List of works by Aldous Huxley

The following bibliography of Aldous Huxley provides a chronological list of the published works of English writer Aldous Huxley (1894–1963). It includes his fiction and non-fiction, both published during his lifetime and posthumously.

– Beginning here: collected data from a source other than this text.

lemma (in prob_space) real_RN_deriv:
  assumes P: "prob_space P" "sets P = sets M" "absolutely_continuous M P"
  shows "integrable M (\<lambda>x. enn2real (RN_deriv M P x))"
    and "B \<in> sets M \<Longrightarrow> (\<integral>x. enn2real (RN_deriv M P x) * indicator B x \<partial>M) = measure P B"
proof -
  define h where "h = (\<lambda>x. enn2real (RN_deriv M P x))"
  have P_eq: "emeasure P B = (\<integral>\<^sup>+x. ennreal (h x * indicator B x) \<partial>M)" if "B \<in> sets M" for B
  proof -
    have "emeasure P B = (\<integral>\<^sup>+x. RN_deriv M P x * indicator B x \<partial>M)"
      using that by (subst density_RN_deriv[OF P(3,2), symmetric]) (simp add: emeasure_density)
    also have "\<dots> = (\<integral>\<^sup>+x. ennreal (h x * indicator B x) \<partial>M)"
      using RN_deriv_finite[OF prob_space_imp_sigma_finite[OF P(1)] P(3,2)]
      by (intro nn_integral_cong_AE) (auto elim!: eventually_mono simp: h_def indicator_def ennreal_enn2real_if)
    finally show ?thesis .
  qed
  have "integrable M h"
  proof (rule integrableI_nonneg)
    show "h \<in> borel_measurable M"
      unfolding h_def by measurable
    have "(\<integral>\<^sup>+x. ennreal (h x) \<partial>M) = emeasure P (space P)"
      using P_eq[of "space M"] sets_eq_imp_space_eq[OF P(2)] by (simp cong: nn_integral_cong)
    then show "(\<integral>\<^sup>+x. ennreal (h x) \<partial>M) < \<infinity>"
      using prob_space.emeasure_space_1[OF P(1)] by simp
  qed (simp add: h_def)
  then show "integrable M (\<lambda>x. enn2real (RN_deriv M P x))"
    by (simp add: h_def)
  show "(\<integral>x. enn2real (RN_deriv M P x) * indicator B x \<partial>M) = measure P B" if B: "B \<in> sets M"
  proof -
    have "emeasure P B = ennreal (\<integral>x. h x * indicator B x \<partial>M)"
      using integrable_real_mult_indicator[OF B \<open>integrable M h\<close>] P_eq[OF B]
      by (subst nn_integral_eq_integral[symmetric]) (auto simp: h_def)
    then have "measure P B = (\<integral>x. h x * indicator B x \<partial>M)"
      by (intro measure_eq_emeasure_eq_ennreal integral_nonneg_AE) (auto simp: h_def)
    then show ?thesis
      by (simp add: h_def)
  qed
qed

lemma (in prob_space) bin_div_le_fdiv:
  assumes cvx: "closed_convex_ext f"
    and P: "prob_space P" "sets P = sets M" "absolutely_continuous M P"
    and A: "A \<in> sets M" "0 < prob A" "prob A < 1"
  shows "bin_div f (prob A) (measure P A) \<le> fdiv f P M"
proof (cases "fdiv f P M = \<infinity>")
  case False
  define h where "h = (\<lambda>x. enn2real (RN_deriv M P x))"
  have h: "integrable M h" "\<And>B. B \<in> sets M \<Longrightarrow> (\<integral>x. h x * indicator B x \<partial>M) = measure P B"
    using real_RN_deriv[OF P] by (simp_all add: h_def)
  have fdiv_eq: "fdiv f P M
      = enn2ereal (\<integral>\<^sup>+x. e2ennreal (f (h x)) \<partial>M) - enn2ereal (\<integral>\<^sup>+x. e2ennreal (- f (h x)) \<partial>M)"
    by (simp add: fdiv_def h_def)
  have fin: "(\<integral>\<^sup>+x. e2ennreal (f (h x)) \<partial>M) < \<infinity>"
  proof (rule ccontr)
    assume "\<not> ?thesis"
    then show False
      using False unfolding fdiv_eq
      by (cases "enn2ereal (\<integral>\<^sup>+x. e2ennreal (- f (h x)) \<partial>M)") (auto simp: less_top[symmetric])
  qed
  define A' where "A' = space M - A"
  have A': "A' \<in> sets M" "prob A' = 1 - prob A" "measure P A' = 1 - measure P A"
    using A prob_space.prob_compl[OF P(1), of A] P(2) sets_eq_imp_space_eq[OF P(2)]
    by (auto simp: A'_def prob_compl)
  define z1 z2 where "z1 = measure P A / prob A" and "z2 = (1 - measure P A) / (1 - prob A)"
  have mean: "(\<integral>x. h x * indicator A x \<partial>M) = z1 * prob A"
    "(\<integral>x. h x * indicator A' x \<partial>M) = z2 * prob A'"
    using A A' h(2) by (simp_all add: z1_def z2_def)
  obtain c1 a1 where c1: "f z1 = ereal c1"
    and le1: "AE x in M. x \<in> A \<longrightarrow> ereal (c1 + a1 * (h x - z1)) \<le> f (h x)"
    using affine_minorant_on_set[OF cvx A(1,2) h(1) fin] A(2) unfolding mean by auto
  obtain c2 a2 where c2: "f z2 = ereal c2"
    and le2: "AE x in M. x \<in> A' \<longrightarrow> ereal (c2 + a2 * (h x - z2)) \<le> f (h x)"
    using affine_minorant_on_set[OF cvx A'(1) _ h(1) fin] A A'(2) unfolding mean by auto
  define l where "l x = (c1 + a1 * (h x - z1)) * indicator A x + (c2 + a2 * (h x - z2)) * indicator A' x"
    for x
  have "has_bochner_integral M l (prob A * c1 + prob A' * c2)"
    unfolding l_def using A(1) A'(1) h(1) mean
    by (intro has_bochner_integral_add has_bochner_integral_affine_indicator)
      (auto simp: less_top[symmetric])
  moreover have "AE x in M. ereal (l x) \<le> f (h x)"
    using le1 le2 AE_space by eventually_elim (auto simp: l_def A'_def indicator_def)
  ultimately have "ereal (prob A * c1 + prob A' * c2) \<le> fdiv f P M"
    unfolding fdiv_eq using integral_le_pos_minus_neg_nn_integral
    by (metis has_bochner_integral_iff)
  then show ?thesis
    using c1 c2 A'(2) by (simp add: bin_div_def z1_def z2_def)
qed simp

lemma (in prob_space) ge_of_fdiv_le:
  assumes cvx: "closed_convex_ext f" and f1: "f 1 = 0" and \<alpha>: "0 < \<alpha>" "\<alpha> < 1" and \<rho>: "0 \<le> \<rho>"
    and P: "prob_space P" "sets P = sets M" "absolutely_continuous M P" and fd: "fdiv f P M \<le> ereal \<rho>"
    and A: "A \<in> sets M" "g_inv f \<rho> \<alpha> \<le> prob A"
  shows "\<alpha> \<le> measure P A"
proof (cases "prob A < 1")
  case True
  have "0 < prob A"
    using le_g_inv[of f \<alpha> \<rho>, OF f1 \<alpha> \<rho>] \<alpha> A(2) by linarith
  then have "bin_div f (prob A) (measure P A) \<le> ereal \<rho>"
    using bin_div_le_fdiv[OF cvx P A(1) _ True] fd by simp
  then show ?thesis
    using ge_of_bin_div_le[OF cvx f1 \<alpha> \<rho> A(2) True] prob_space.prob_le_1[OF P(1)] by simp
next
  case False
  then have "prob (space M - A) = 0"
    using A(1) prob_compl[of A] prob_le_1[of A] by simp
  then have "space P - A \<in> null_sets P"
    using A(1) P(3) sets_eq_imp_space_eq[OF P(2)]
    by (auto simp: absolutely_continuous_def null_sets_def emeasure_eq_measure)
  then have "measure P A = 1"
    using prob_space.prob_compl[OF P(1), of A] A(1) P(2) by (simp add: measure_def null_sets_def)
  then show ?thesis
    using \<alpha> by simp
qed

subsection \<open>Two-valued densities\<close>

lemma (in sigma_finite_measure) fdiv_density:
  assumes g: "g \<in> borel_measurable M" "\<And>x. 0 \<le> g x"
  shows "fdiv f (density M (\<lambda>x. ennreal (g x))) M
    = enn2ereal (\<integral>\<^sup>+x. e2ennreal (f (g x)) \<partial>M) - enn2ereal (\<integral>\<^sup>+x. e2ennreal (- f (g x)) \<partial>M)"
proof -
  have "AE x in M. ennreal (g x) = RN_deriv M (density M (\<lambda>x. ennreal (g x))) x"
    using g(1) by (intro RN_deriv_unique) auto
  then have "AE x in M. enn2real (RN_deriv M (density M (\<lambda>x. ennreal (g x))) x) = g x"
    by eventually_elim (metis enn2real_ennreal g(2))
  then have RN: "(\<integral>\<^sup>+x. e2ennreal (F (enn2real (RN_deriv M (density M (\<lambda>x. ennreal (g x))) x))) \<partial>M)
      = (\<integral>\<^sup>+x. e2ennreal (F (g x)) \<partial>M)" for F :: "real \<Rightarrow> ereal"
    by (intro nn_integral_cong_AE) (auto elim!: eventually_mono)
  show ?thesis
    unfolding fdiv_def RN[of f] RN[of "\<lambda>t. - f t"] ..
qed

lemma enn2ereal_pos_part_minus_neg_part:
  fixes u v p q :: real
  assumes "0 \<le> p" "0 \<le> q"
  shows "enn2ereal (ennreal u * ennreal p + ennreal v * ennreal q)
      - enn2ereal (ennreal (- u) * ennreal p + ennreal (- v) * ennreal q) = ereal (p * u + q * v)"
proof -
  have pos_part: "ennreal x * ennreal y = ennreal (max x 0 * y)" if "0 \<le> y" for x y :: real
    using that by (cases "0 \<le> x") (auto simp: ennreal_mult'' ennreal_neg)
  have sum: "ennreal x * ennreal p + ennreal y * ennreal q = ennreal (max x 0 * p + max y 0 * q)"
    for x y :: real
    unfolding pos_part[OF assms(1)] pos_part[OF assms(2)] using assms by (simp add: ennreal_plus)
  have "max u 0 * p + max v 0 * q - (max (- u) 0 * p + max (- v) 0 * q) = p * u + q * v"
    by (cases "0 \<le> u"; cases "0 \<le> v") (simp_all add: algebra_simps)
  then show ?thesis
    unfolding sum using assms by (subst (1 2) enn2ereal_ennreal) simp_all
qed

lemma (in prob_space) two_valued_density:
  assumes A: "A \<in> sets M" and c: "0 \<le> c1" "0 \<le> c2" "c1 * prob A + c2 * (1 - prob A) = 1"
    and fin: "f c1 = ereal u" "f c2 = ereal v"
  defines "P \<equiv> density M (\<lambda>x. ennreal (c1 * indicator A x + c2 * indicator (space M - A) x))"
  shows "prob_space P" "absolutely_continuous M P" "measure P A = c1 * prob A"
    and "fdiv f P M = ereal (prob A * u + (1 - prob A) * v)"
proof -
  define g where "g = (\<lambda>x. c1 * indicator A x + c2 * indicator (space M - A) x)"
  have g: "g \<in> borel_measurable M" "\<And>x. 0 \<le> g x"
    using A unfolding g_def by measurable (use c in auto)
  have integral_g: "(\<integral>\<^sup>+x. G (g x) \<partial>M) = G c1 * ennreal (prob A) + G c2 * ennreal (1 - prob A)"
    for G :: "real \<Rightarrow> ennreal"
  proof -
    have "(\<integral>\<^sup>+x. G (g x) \<partial>M) = (\<integral>\<^sup>+x. G c1 * indicator A x + G c2 * indicator (space M - A) x \<partial>M)"
      by (intro nn_integral_cong) (auto simp: g_def indicator_def)
    then show ?thesis
      using A by (simp add: nn_integral_add nn_integral_cmult_indicator emeasure_eq_measure prob_compl)
  qed
  have P_def': "P = density M (\<lambda>x. ennreal (g x))"
    by (simp add: P_def g_def)
  have "emeasure P (space P) = ennreal c1 * ennreal (prob A) + ennreal c2 * ennreal (1 - prob A)"
    unfolding P_def' using g integral_g[of ennreal]
    by (simp add: emeasure_density cong: nn_integral_cong)
  also have "\<dots> = 1"
    using c prob_le_1[of A] by (simp add: ennreal_mult''[symmetric] ennreal_plus[symmetric])
  finally show "prob_space P"
    by (rule prob_spaceI)
  show "absolutely_continuous M P"
    unfolding P_def' using g(1) by (intro absolutely_continuousI_density) measurable
  have "emeasure P A = (\<integral>\<^sup>+x. ennreal c1 * indicator A x \<partial>M)"
    unfolding P_def' using A g(1)
    by (simp add: emeasure_density) (intro nn_integral_cong, simp add: g_def indicator_def)
  also have "\<dots> = ennreal (c1 * prob A)"
    using A c by (simp add: nn_integral_cmult_indicator emeasure_eq_measure ennreal_mult)
  finally show "measure P A = c1 * prob A"
    using c by (intro measure_eq_emeasure_eq_ennreal) auto
  show "fdiv f P M = ereal (prob A * u + (1 - prob A) * v)"
    unfolding P_def' fdiv_density[OF g] integral_g[of "\<lambda>t. e2ennreal (f t)"]
      integral_g[of "\<lambda>t. e2ennreal (- f t)"] fin
    using prob_le_1[of A] by (simp add: enn2ereal_pos_part_minus_neg_part)
qed

subsection \<open>Quantiles over the f-divergence ball\<close>

lemma quantile_cdf_mono:
  assumes "\<And>q. \<gamma> \<le> G q \<Longrightarrow> \<beta> \<le> F q"
  shows "quantile_cdf F \<beta> \<le> quantile_cdf G \<gamma>"
  unfolding quantile_cdf_def using assms by (intro Inf_superset_mono) auto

Huxley was a writer and philosopher. He wrote nearly fifty books—both novels and non-fiction works—as well as wide-ranging essays, narratives, and poems. Born into the prominent Huxley family, he graduated from Balliol College, Oxford with an undergraduate degree in English literature. Early in his career, he published short stories and poetry and edited the literary magazine Oxford Poetry, before going on to publish travel writing, satire, and screenplays. He spent the latter part of his life in the United States, living in Los Angeles from 1937 until his death. By the end of his life, Huxley was widely acknowledged as one of the foremost intellectuals of his time. He was nominated for the Nobel Prize in Literature nine times and was elected Companion of Literature by the Royal Society of Literature in 1962.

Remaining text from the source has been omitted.